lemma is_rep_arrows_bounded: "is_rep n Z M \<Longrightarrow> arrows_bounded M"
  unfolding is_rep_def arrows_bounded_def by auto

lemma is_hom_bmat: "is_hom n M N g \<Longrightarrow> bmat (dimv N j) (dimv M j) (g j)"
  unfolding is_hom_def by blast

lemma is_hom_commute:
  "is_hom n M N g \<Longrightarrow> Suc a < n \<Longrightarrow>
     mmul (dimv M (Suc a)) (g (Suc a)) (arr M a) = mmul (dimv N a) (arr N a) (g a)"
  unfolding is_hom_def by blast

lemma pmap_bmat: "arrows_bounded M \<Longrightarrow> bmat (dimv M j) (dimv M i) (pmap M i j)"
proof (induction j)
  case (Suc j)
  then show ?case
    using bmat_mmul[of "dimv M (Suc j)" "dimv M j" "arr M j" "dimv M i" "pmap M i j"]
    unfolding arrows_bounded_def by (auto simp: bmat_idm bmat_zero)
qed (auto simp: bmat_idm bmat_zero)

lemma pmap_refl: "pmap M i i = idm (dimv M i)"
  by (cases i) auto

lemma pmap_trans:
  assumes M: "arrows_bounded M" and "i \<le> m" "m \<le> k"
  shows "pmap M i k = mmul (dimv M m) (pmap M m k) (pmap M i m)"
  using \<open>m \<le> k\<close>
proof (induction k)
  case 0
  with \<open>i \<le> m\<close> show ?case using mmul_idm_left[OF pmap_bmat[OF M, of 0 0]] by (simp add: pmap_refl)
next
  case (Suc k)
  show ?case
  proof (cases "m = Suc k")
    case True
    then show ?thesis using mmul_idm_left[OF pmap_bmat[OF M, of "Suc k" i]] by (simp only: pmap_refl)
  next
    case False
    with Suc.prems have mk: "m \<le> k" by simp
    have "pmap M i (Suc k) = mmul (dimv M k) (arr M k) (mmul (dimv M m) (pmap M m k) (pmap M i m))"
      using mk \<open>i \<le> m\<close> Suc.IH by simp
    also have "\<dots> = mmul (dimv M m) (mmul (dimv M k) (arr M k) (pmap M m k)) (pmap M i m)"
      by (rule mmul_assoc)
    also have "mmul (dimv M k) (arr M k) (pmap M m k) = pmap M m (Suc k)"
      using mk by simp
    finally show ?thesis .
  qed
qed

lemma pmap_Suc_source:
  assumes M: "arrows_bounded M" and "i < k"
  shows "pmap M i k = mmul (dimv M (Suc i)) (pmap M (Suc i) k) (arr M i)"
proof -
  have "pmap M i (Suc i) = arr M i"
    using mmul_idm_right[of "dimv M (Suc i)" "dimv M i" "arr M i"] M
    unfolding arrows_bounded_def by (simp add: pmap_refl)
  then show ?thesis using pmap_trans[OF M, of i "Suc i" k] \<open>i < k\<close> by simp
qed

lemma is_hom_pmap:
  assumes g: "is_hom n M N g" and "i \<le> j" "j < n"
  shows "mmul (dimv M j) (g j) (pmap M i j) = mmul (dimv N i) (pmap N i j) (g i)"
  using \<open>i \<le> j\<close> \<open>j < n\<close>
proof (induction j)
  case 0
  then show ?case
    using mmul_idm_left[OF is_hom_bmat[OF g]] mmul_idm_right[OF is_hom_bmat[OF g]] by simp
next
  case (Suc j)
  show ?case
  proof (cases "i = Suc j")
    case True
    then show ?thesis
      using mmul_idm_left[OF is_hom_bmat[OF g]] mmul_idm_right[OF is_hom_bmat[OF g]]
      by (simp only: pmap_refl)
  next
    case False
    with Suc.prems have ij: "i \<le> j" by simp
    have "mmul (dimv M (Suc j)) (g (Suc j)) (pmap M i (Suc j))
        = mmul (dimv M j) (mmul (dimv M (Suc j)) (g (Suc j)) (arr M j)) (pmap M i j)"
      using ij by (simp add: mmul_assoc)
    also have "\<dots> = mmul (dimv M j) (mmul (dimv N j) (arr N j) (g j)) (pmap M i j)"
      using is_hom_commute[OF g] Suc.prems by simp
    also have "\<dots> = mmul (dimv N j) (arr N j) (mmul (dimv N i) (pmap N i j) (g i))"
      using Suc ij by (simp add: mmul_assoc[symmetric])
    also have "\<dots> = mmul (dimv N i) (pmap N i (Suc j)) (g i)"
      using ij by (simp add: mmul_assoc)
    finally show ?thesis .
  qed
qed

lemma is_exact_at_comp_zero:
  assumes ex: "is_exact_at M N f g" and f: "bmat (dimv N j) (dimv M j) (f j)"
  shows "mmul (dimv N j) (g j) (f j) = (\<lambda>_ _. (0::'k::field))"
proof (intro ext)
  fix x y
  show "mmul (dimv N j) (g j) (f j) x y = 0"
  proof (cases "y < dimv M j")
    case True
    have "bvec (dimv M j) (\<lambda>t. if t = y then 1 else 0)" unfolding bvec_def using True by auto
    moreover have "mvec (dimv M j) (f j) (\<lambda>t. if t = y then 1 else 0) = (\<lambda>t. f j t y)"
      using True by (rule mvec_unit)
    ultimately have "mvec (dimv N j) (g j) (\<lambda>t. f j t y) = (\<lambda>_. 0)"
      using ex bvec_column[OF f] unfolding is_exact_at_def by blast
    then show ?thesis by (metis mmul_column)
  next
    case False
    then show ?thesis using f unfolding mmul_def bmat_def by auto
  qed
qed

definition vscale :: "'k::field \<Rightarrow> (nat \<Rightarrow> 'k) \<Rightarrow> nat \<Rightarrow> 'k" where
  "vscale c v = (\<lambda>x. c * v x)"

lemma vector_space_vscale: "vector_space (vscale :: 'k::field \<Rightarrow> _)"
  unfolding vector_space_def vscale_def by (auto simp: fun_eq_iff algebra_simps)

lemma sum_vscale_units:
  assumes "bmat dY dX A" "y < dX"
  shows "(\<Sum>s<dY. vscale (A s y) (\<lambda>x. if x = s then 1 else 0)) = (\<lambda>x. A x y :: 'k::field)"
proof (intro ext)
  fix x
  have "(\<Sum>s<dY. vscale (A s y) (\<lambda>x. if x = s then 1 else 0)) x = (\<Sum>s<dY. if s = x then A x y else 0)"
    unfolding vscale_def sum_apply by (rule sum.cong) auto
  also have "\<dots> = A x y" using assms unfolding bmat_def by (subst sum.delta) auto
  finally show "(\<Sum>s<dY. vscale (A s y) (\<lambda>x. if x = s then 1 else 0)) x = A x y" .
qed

◆ **WHAT THIS TASK INVOLVES**
From the beginning of the listing above down to the line with "unfolding arrows_bounded_def by (simp", every line should be restated exactly.

◆ **EXERCISE RESPONSE**
lemma is_rep_arrows_bounded: "is_rep n Z M \<Longrightarrow> arrows_bounded M"
  unfolding is_rep_def arrows_bounded_def by auto

lemma is_hom_bmat: "is_hom n M N g \<Longrightarrow> bmat (dimv N j) (dimv M j) (g j)"
  unfolding is_hom_def by blast

lemma is_hom_commute:
  "is_hom n M N g \<Longrightarrow> Suc a < n \<Longrightarrow>
     mmul (dimv M (Suc a)) (g (Suc a)) (arr M a) = mmul (dimv N a) (arr N a) (g a)"
  unfolding is_hom_def by blast

lemma pmap_bmat: "arrows_bounded M \<Longrightarrow> bmat (dimv M j) (dimv M i) (pmap M i j)"
proof (induction j)
  case (Suc j)
  then show ?case
    using bmat_mmul[of "dimv M (Suc j)" "dimv M j" "arr M j" "dimv M i" "pmap M i j"]
    unfolding arrows_bounded_def by (auto simp: bmat_idm bmat_zero)
qed (auto simp: bmat_idm bmat_zero)

lemma pmap_refl: "pmap M i i = idm (dimv M i)"
  by (cases i) auto

lemma pmap_trans:
  assumes M: "arrows_bounded M" and "i \<le> m" "m \<le> k"
  shows "pmap M i k = mmul (dimv M m) (pmap M m k) (pmap M i m)"
  using \<open>m \<le> k\<close>
proof (induction k)
  case 0
  with \<open>i \<le> m\<close> show ?case using mmul_idm_left[OF pmap_bmat[OF M, of 0 0]] by (simp add: pmap_refl)
next
  case (Suc k)
  show ?case
  proof (cases "m = Suc k")
    case True
    then show ?thesis using mmul_idm_left[OF pmap_bmat[OF M, of "Suc k" i]] by (simp only: pmap_refl)
  next
    case False
    with Suc.prems have mk: "m \<le> k" by simp
    have "pmap M i (Suc k) = mmul (dimv M k) (arr M k) (mmul (dimv M m) (pmap M m k) (pmap M i m))"
      using mk \<open>i \<le> m\<close> Suc.IH by simp
    also have "\<dots> = mmul (dimv M m) (mmul (dimv M k) (arr M k) (pmap M m k)) (pmap M i m)"
      by (rule mmul_assoc)
    also have "mmul (dimv M k) (arr M k) (pmap M m k) = pmap M m (Suc k)"
      using mk by simp
    finally show ?thesis .
  qed
qed

lemma pmap_Suc_source:
  assumes M: "arrows_bounded M" and "i < k"
  shows "pmap M i k = mmul (dimv M (Suc i)) (pmap M (Suc i) k) (arr M i)"
proof -
  have "pmap M i (Suc i) = arr M i"
    using mmul_idm_right[of "dimv M (Suc i)" "dimv M i" "arr M i"] M
    unfolding arrows_bounded_def by (simp add: pmap_refl)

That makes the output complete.